Golf and the IRS

IRS Investigates Golf Course Exemptions

I’m not up on how the tax industry works up north, or the nature of the relationship between the Canadian tax structure and the average citizen. However, down here in the states, the great annual tax battle begins again, and carries through the next three or four months. The IRS, what some refer to as the Internal Revenge Service, is gearing up for its own version of institutional Christmas, and it appears that a new battle seems inevitable. The golf industry has always had a peculiar relationship with the tax people, as they own and operate large patches of land that affect all manner of wildlife, air, water, and plant conservation. When the conservation movement gained momentum decades ago, the government’s tax arm created a group of deductions for those land managers who supported the cause, and golf courses sat in the epicenter of the category.

IRS
I cannot remember an occasion in which I sided with the IRS. As many or most people might suggest, they act as a blunt instrument, have no finesse or care for individual situations, and pass the money onto a government that spends it on things many of us don’t believe in, to the neglect of those things we favor. However, in our general distaste for this mercenary part of the year after the Christmas season, there are the inevitable people, corporations and clubs that are taking too much advantage of the deduction possibilities. Some of the lengths to which some golf courses go, apparently, border on the ridiculous.

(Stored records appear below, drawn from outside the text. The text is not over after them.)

lemma GDERIV_unique: "GDERIV f w :> D1 \<Longrightarrow> GDERIV f w :> D2 \<Longrightarrow> D1 = D2"
proof -
  assume "GDERIV f w :> D1" "GDERIV f w :> D2"
  then have "(\<lambda>h. inner h D1) = (\<lambda>h. inner h D2)"
    unfolding gderiv_def by (rule has_derivative_unique)
  then have "inner (D1 - D2) D1 = inner (D1 - D2) D2" by metis
  then have "inner (D1 - D2) (D1 - D2) = 0" by (simp add: inner_diff_right)
  then show ?thesis by simp
qed

lemma grad_eqI: "GDERIV f w :> D \<Longrightarrow> grad f w = D"
  unfolding grad_def using GDERIV_unique by blast

lemma GDERIV_sum:
  "finite A \<Longrightarrow> (\<And>i. i \<in> A \<Longrightarrow> GDERIV (f i) w :> D i) \<Longrightarrow>
     GDERIV (\<lambda>u. \<Sum>i\<in>A. f i u) w :> (\<Sum>i\<in>A. D i)"
  unfolding gderiv_def inner_sum_right by (rule has_derivative_sum)

lemma GDERIV_cmult: "GDERIV f w :> D \<Longrightarrow> GDERIV (\<lambda>u. c * f u) w :> c *\<^sub>R D"
  unfolding gderiv_def by (auto intro!: derivative_eq_intros)

lemma GDERIV_Floc:
  "GDERIV (Floc n x m) u :>
     (1 / real n) *\<^sub>R (\<Sum>i<n. (- neg_logloss_deriv (inner u (x m i))) *\<^sub>R x m i)"
proof -
  have "GDERIV (\<lambda>u. inner u (x m i)) u :> x m i" for i
    unfolding gderiv_def
    by (rule bounded_linear.has_derivative[OF bounded_linear_inner_left has_derivative_ident])
  then have "GDERIV (\<lambda>u. logloss (inner u (x m i))) u
      :> (- neg_logloss_deriv (inner u (x m i))) *\<^sub>R x m i" for i
    by (rule GDERIV_DERIV_compose[OF _ DERIV_logloss])
  then show ?thesis unfolding Floc_def[abs_def]
    by (intro GDERIV_cmult GDERIV_sum) auto
qed

lemma grad_Floc:
  "grad (Floc n x m) u = (1 / real n) *\<^sub>R (\<Sum>i<n. (- neg_logloss_deriv (inner u (x m i))) *\<^sub>R x m i)"
  by (rule grad_eqI[OF GDERIV_Floc])

lemma grad_Fglob: "grad (Fglob M n x) u = (1 / real M) *\<^sub>R (\<Sum>m<M. grad (Floc n x m) u)"
  unfolding grad_Floc Fglob_def[abs_def]
  by (intro grad_eqI GDERIV_cmult GDERIV_sum GDERIV_Floc) auto

definition Gloc :: "nat \<Rightarrow> (nat \<Rightarrow> nat \<Rightarrow> 'a::euclidean_space) \<Rightarrow> nat \<Rightarrow> 'a \<Rightarrow> real" where
  "Gloc n x m u = (1 / real n) * (\<Sum>i<n. neg_logloss_deriv (inner u (x m i)))"

definition Gglob :: "nat \<Rightarrow> nat \<Rightarrow> (nat \<Rightarrow> nat \<Rightarrow> 'a::euclidean_space) \<Rightarrow> 'a \<Rightarrow> real" where
  "Gglob M n x u = (1 / real M) * (\<Sum>m<M. Gloc n x m u)"

lemma Gloc_nonneg: "Gloc n x m u \<ge> 0"
  unfolding Gloc_def by (simp add: sum_nonneg less_imp_le[OF neg_logloss_deriv_pos])

lemma Gglob_pos:
  assumes "M \<ge> 1" "n \<ge> 1"
  shows "Gglob M n x u > 0"
proof -
  have "Gloc n x m u > 0" for m
    unfolding Gloc_def using assms(2) neg_logloss_deriv_pos
    by (intro mult_pos_pos sum_pos) (auto simp: lessThan_empty_iff)
  then show ?thesis
    unfolding Gglob_def using assms(1) by (intro mult_pos_pos sum_pos) (auto simp: lessThan_empty_iff)
qed

lemma Gloc_le_Floc: "Gloc n x m u \<le> Floc n x m u"
  unfolding Gloc_def Floc_def using neg_logloss_deriv_le_logloss
  by (intro mult_left_mono sum_mono) auto

lemma Floc_nonneg: "Floc n x m u \<ge> 0"
  using Gloc_nonneg Gloc_le_Floc by (rule order_trans)

lemma Floc_le_Fglob:
  assumes "m < M"
  shows "Floc n x m u \<le> real M * Fglob M n x u"
proof -
  have "Floc n x m u \<le> (\<Sum>m<M. Floc n x m u)"
    using assms Floc_nonneg by (intro member_le_sum) auto
  then show ?thesis using assms unfolding Fglob_def by simp
qed

lemma inner_dist_le:
  fixes a :: "'a::real_inner"
  assumes "norm (u - w) \<le> d" "norm a \<le> 1"
  shows "\<bar>inner u a - inner w a\<bar> \<le> d"
proof -
  have "\<bar>inner (u - w) a\<bar> \<le> norm (u - w) * norm a" by (rule Cauchy_Schwarz_ineq2)
  also have "\<dots> \<le> norm (u - w)" using assms(2) by (simp add: mult_left_le)
  finally show ?thesis using assms(1) by (simp add: inner_diff_left)
qed

lemma norm_grad_Floc_le_Gloc:
  assumes "\<And>i. i < n \<Longrightarrow> norm (x m i) \<le> 1"
  shows "norm (grad (Floc n x m) u) \<le> Gloc n x m u"
proof -
  have "norm (\<Sum>i<n. (- neg_logloss_deriv (inner u (x m i))) *\<^sub>R x m i)
      \<le> (\<Sum>i<n. norm ((- neg_logloss_deriv (inner u (x m i))) *\<^sub>R x m i))"
    by (rule norm_sum)
  also have "\<dots> \<le> (\<Sum>i<n. neg_logloss_deriv (inner u (x m i)))"
    using assms neg_logloss_deriv_pos by (intro sum_mono) (simp add: abs_of_pos mult_left_le)
  finally show ?thesis unfolding grad_Floc Gloc_def by (simp add: divide_simps)
qed

lemma Gloc_le_exp_dist:
  assumes "\<And>i. i < n \<Longrightarrow> norm (x m i) \<le> 1" "norm (u - w) \<le> d"
  shows "Gloc n x m u \<le> exp d * Gloc n x m w"
proof -
  have "neg_logloss_deriv (inner u (x m i)) \<le> exp d * neg_logloss_deriv (inner w (x m i))"
    if "i < n" for i
  proof -
    have "exp \<bar>inner u (x m i) - inner w (x m i)\<bar> \<le> exp d"
      using inner_dist_le[OF assms(2) assms(1)[OF that]] by simp
    then show ?thesis
      using neg_logloss_deriv_le_exp_dist[of "inner u (x m i)" "inner w (x m i)"]
        neg_logloss_deriv_pos[of "inner w (x m i)"]
      by (meson mult_right_mono less_imp_le order_trans)
  qed
  then have "(\<Sum>i<n. neg_logloss_deriv (inner u (x m i)))
      \<le> exp d * (\<Sum>i<n. neg_logloss_deriv (inner w (x m i)))"
    unfolding sum_distrib_left by (intro sum_mono) simp
  then have "(1 / real n) * (\<Sum>i<n. neg_logloss_deriv (inner u (x m i)))
      \<le> (1 / real n) * (exp d * (\<Sum>i<n. neg_logloss_deriv (inner w (x m i))))"
    by (intro mult_left_mono) auto
  then show ?thesis unfolding Gloc_def by (simp only: ac_simps)
qed

lemma norm_grad_Floc_diff_le:
  assumes "\<And>i. i < n \<Longrightarrow> norm (x m i) \<le> 1" "norm (u - w) \<le> d"
  shows "norm (grad (Floc n x m) u - grad (Floc n x m) w) \<le> (exp d - 1) * Gloc n x m w"
proof -
  let ?\<sigma> = "\<lambda>v i. neg_logloss_deriv (inner v (x m i))"
  have term_le: "norm ((?\<sigma> w i - ?\<sigma> u i) *\<^sub>R x m i) \<le> (exp d - 1) * ?\<sigma> w i" if "i < n" for i
  proof -
    have "exp \<bar>inner u (x m i) - inner w (x m i)\<bar> - 1 \<le> exp d - 1"
      using inner_dist_le[OF assms(2) assms(1)[OF that]] by simp
    then have "\<bar>?\<sigma> u i - ?\<sigma> w i\<bar> \<le> (exp d - 1) * ?\<sigma> w i"
      using neg_logloss_deriv_diff_le[of "inner u (x m i)" "inner w (x m i)"]
        neg_logloss_deriv_pos[of "inner w (x m i)"]
      by (meson mult_right_mono less_imp_le order_trans)
    moreover have "norm ((?\<sigma> w i - ?\<sigma> u i) *\<^sub>R x m i) \<le> \<bar>?\<sigma> w i - ?\<sigma> u i\<bar>"
      using assms(1)[OF that] by (simp add: mult_left_le)
    ultimately show ?thesis by linarith
  qed
  have "grad (Floc n x m) u - grad (Floc n x m) w
     = (1 / real n) *\<^sub>R (\<Sum>i<n. (?\<sigma> w i - ?\<sigma> u i) *\<^sub>R x m i)"
    unfolding grad_Floc
    by (simp add: scaleR_diff_right[symmetric] sum_subtractf[symmetric] scaleR_diff_left)
  then have "norm (grad (Floc n x m) u - grad (Floc n x m) w)
      = (1 / real n) * norm (\<Sum>i<n. (?\<sigma> w i - ?\<sigma> u i) *\<^sub>R x m i)"
    by simp
  also have "\<dots> \<le> (1 / real n) * ((exp d - 1) * (\<Sum>i<n. ?\<sigma> w i))"
    unfolding sum_distrib_left[of "exp d - 1"] using term_le
    by (intro mult_left_mono order_trans[OF norm_sum] sum_mono) auto
  also have "\<dots> = (exp d - 1) * Gloc n x m w"
    unfolding Gloc_def by (rule mult.left_commute)
  finally show ?thesis .
qed

text \<open>Each local step has length at most \<open>\<eta> G\<^sub>m(u) \<le> 2 \<eta> G\<^sub>m(w)\<close> as long as the iterate \<open>u\<close>
  stays within distance \<open>1/2\<close> of \<open>w\<close>, because \<open>e\<^bsup>1/2\<^esup> \<le> 2\<close>.\<close>
lemma local_iter_drift:
  assumes data: "\<And>i. i < n \<Longrightarrow> norm (x m i) \<le> 1" and "\<eta> \<ge> 0"
    and budget: "2 * \<eta> * real K * Gloc n x m w \<le> 1/2"
  shows "k \<le> K \<Longrightarrow> norm (local_iter n x \<eta> m w k - w) \<le> 2 * \<eta> * real k * Gloc n x m w"
proof (induction k)
  case 0
  then show ?case by simp
next
  case (Suc k)
  let ?u = "local_iter n x \<eta> m w k"
  have IH: "norm (?u - w) \<le> 2 * \<eta> * real k * Gloc n x m w" using Suc by simp
  also have "\<dots> \<le> 2 * \<eta> * real K * Gloc n x m w"
    using Suc.prems \<open>\<eta> \<ge> 0\<close> Gloc_nonneg by (intro mult_right_mono mult_left_mono) auto
  finally have "Gloc n x m ?u \<le> exp (1/2) * Gloc n x m w"
    using Gloc_le_exp_dist[where x = x and m = m, OF data] budget by fastforce
  also have "\<dots> \<le> 2 * Gloc n x m w"
    using real_exp_bound_lemma[of "1/2"] Gloc_nonneg by (intro mult_right_mono) auto
  finally have step: "norm (\<eta> *\<^sub>R grad (Floc n x m) ?u) \<le> \<eta> * (2 * Gloc n x m w)"
    using norm_grad_Floc_le_Gloc[where x = x and m = m, OF data] \<open>\<eta> \<ge> 0\<close>
    by (auto intro: mult_left_mono order_trans)
  have "norm (local_iter n x \<eta> m w (Suc k) - w) = norm ((?u - w) - \<eta> *\<^sub>R grad (Floc n x m) ?u)"
    by (simp add: algebra_simps)
  also have "\<dots> \<le> norm (?u - w) + norm (\<eta> *\<^sub>R grad (Floc n x m) ?u)"
    by (rule norm_triangle_ineq4)
  also have "\<dots> \<le> 2 * \<eta> * real k * Gloc n x m w + \<eta> * (2 * Gloc n x m w)"
    using IH step by (rule add_mono)
  also have "\<dots> = 2 * \<eta> * real (Suc k) * Gloc n x m w"
    by (simp add: algebra_simps)
  finally show ?case .
qed

lemma norm_grad_local_iter_diff_le:
  assumes data: "\<And>i. i < n \<Longrightarrow> norm (x m i) \<le> 1" and "\<eta> \<ge> 0" and "k \<le> K"
    and budget: "2 * \<eta> * real K * Gloc n x m w \<le> d" and "d \<le> 1/2"
  shows "norm (grad (Floc n x m) (local_iter n x \<eta> m w k) - grad (Floc n x m) w)
           \<le> 2 * d * Gloc n x m w"
proof -
  have "0 \<le> 2 * \<eta> * real K * Gloc n x m w"
    using \<open>\<eta> \<ge> 0\<close> Gloc_nonneg[of n x m w] by simp
  then have "0 \<le> d" using budget by linarith
  have "norm (local_iter n x \<eta> m w k - w) \<le> 2 * \<eta> * real k * Gloc n x m w"
    using data \<open>\<eta> \<ge> 0\<close> \<open>k \<le> K\<close> budget \<open>d \<le> 1/2\<close>
    by (intro local_iter_drift[where K = K]) auto
  also have "\<dots> \<le> 2 * \<eta> * real K * Gloc n x m w"
    using assms Gloc_nonneg by (intro mult_right_mono mult_left_mono) auto
  finally have "norm (local_iter n x \<eta> m w k - w) \<le> d"
    using budget by linarith
  then have "norm (grad (Floc n x m) (local_iter n x \<eta> m w k) - grad (Floc n x m) w)
      \<le> (exp d - 1) * Gloc n x m w"
    using norm_grad_Floc_diff_le[where x = x and m = m] data by blast
  also have "\<dots> \<le> 2 * d * Gloc n x m w"
    using real_exp_bound_lemma[of d] \<open>0 \<le> d\<close> \<open>d \<le> 1/2\<close> Gloc_nonneg[of n x m w]
    by (intro mult_right_mono) auto
  finally show ?thesis .
qed

lemma norm_bias_le:
  assumes "K \<ge> 1"
    and "\<And>m k. m < M \<Longrightarrow> k < K \<Longrightarrow>
      norm (grad (Floc n x m) (local_iter n x \<eta> m w k) - grad (Floc n x m) w) \<le> c * Gloc n x m w"
  shows "norm (bias M n x \<eta> K w) \<le> c * Gglob M n x w"
proof -
  have "norm (\<Sum>m<M. \<Sum>k<K. grad (Floc n x m) (local_iter n x \<eta> m w k) - grad (Floc n x m) w)
      \<le> (\<Sum>m<M. \<Sum>k<K. c * Gloc n x m w)"
    using assms(2) by (intro order_trans[OF norm_sum] sum_mono order_trans[OF norm_sum]) auto
  also have "\<dots> = real K * real M * (c * Gglob M n x w)"
    unfolding Gglob_def by (cases "M = 0") (simp_all add: sum_distrib_left)
  finally have sum_le:
    "norm (\<Sum>m<M. \<Sum>k<K. grad (Floc n x m) (local_iter n x \<eta> m w k) - grad (Floc n x m) w)
      \<le> real K * real M * (c * Gglob M n x w)" .
  have "norm (bias M n x \<eta> K w)
      = norm (\<Sum>m<M. \<Sum>k<K. grad (Floc n x m) (local_iter n x \<eta> m w k) - grad (Floc n x m) w)
        / (real M * real K)"
    unfolding bias_def by simp
  also have "\<dots> \<le> real K * real M * (c * Gglob M n x w) / (real M * real K)"
    using sum_le by (rule divide_right_mono) simp
  also have "\<dots> = c * Gglob M n x w"
    using assms(1) by (cases "M = 0") (simp_all add: Gglob_def)
  finally show ?thesis .
qed

lemma drift_budget_le:
  assumes "m < M" "K \<ge> 1" "\<eta> > 0" and "Fglob M n x w \<le> \<gamma> / (70 * \<eta> * real K * real M)"
  shows "2 * \<eta> * real K * Gloc n x m w \<le> \<gamma> / 35"
proof -
  have "Gloc n x m w \<le> real M * Fglob M n x w"
    using Gloc_le_Floc Floc_le_Fglob[OF assms(1)] by (rule order_trans)
  also have "\<dots> \<le> real M * (\<gamma> / (70 * \<eta> * real K * real M))"
    using assms(4) by (intro mult_left_mono) auto
  finally have "2 * \<eta> * real K * Gloc n x m w
      \<le> 2 * \<eta> * real K * (real M * (\<gamma> / (70 * \<eta> * real K * real M)))"
    using assms(3) by (intro mult_left_mono) auto
  also have "\<dots> = \<gamma> / 35"
    using assms(1-3) by simp
  finally show ?thesis .
qed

Richard Rubin, in an article written for Yahoo, describes an ongoing drama at St. James Plantation in North Carolina. Like many courses and clubs, they claim exemptions for the conservation-supportive aspects of the land they set aside for recreational golf. Great – courses have protected Venus Flytraps and Bald Eagles, fish and all manner of wetlands reeds and bushes. The IRS, however,  hired an expert ecologist to check out what was really going on there, with actual soil, water and plant samples. The natural beauty of the course was no longer enough. The IRS wanted specifics.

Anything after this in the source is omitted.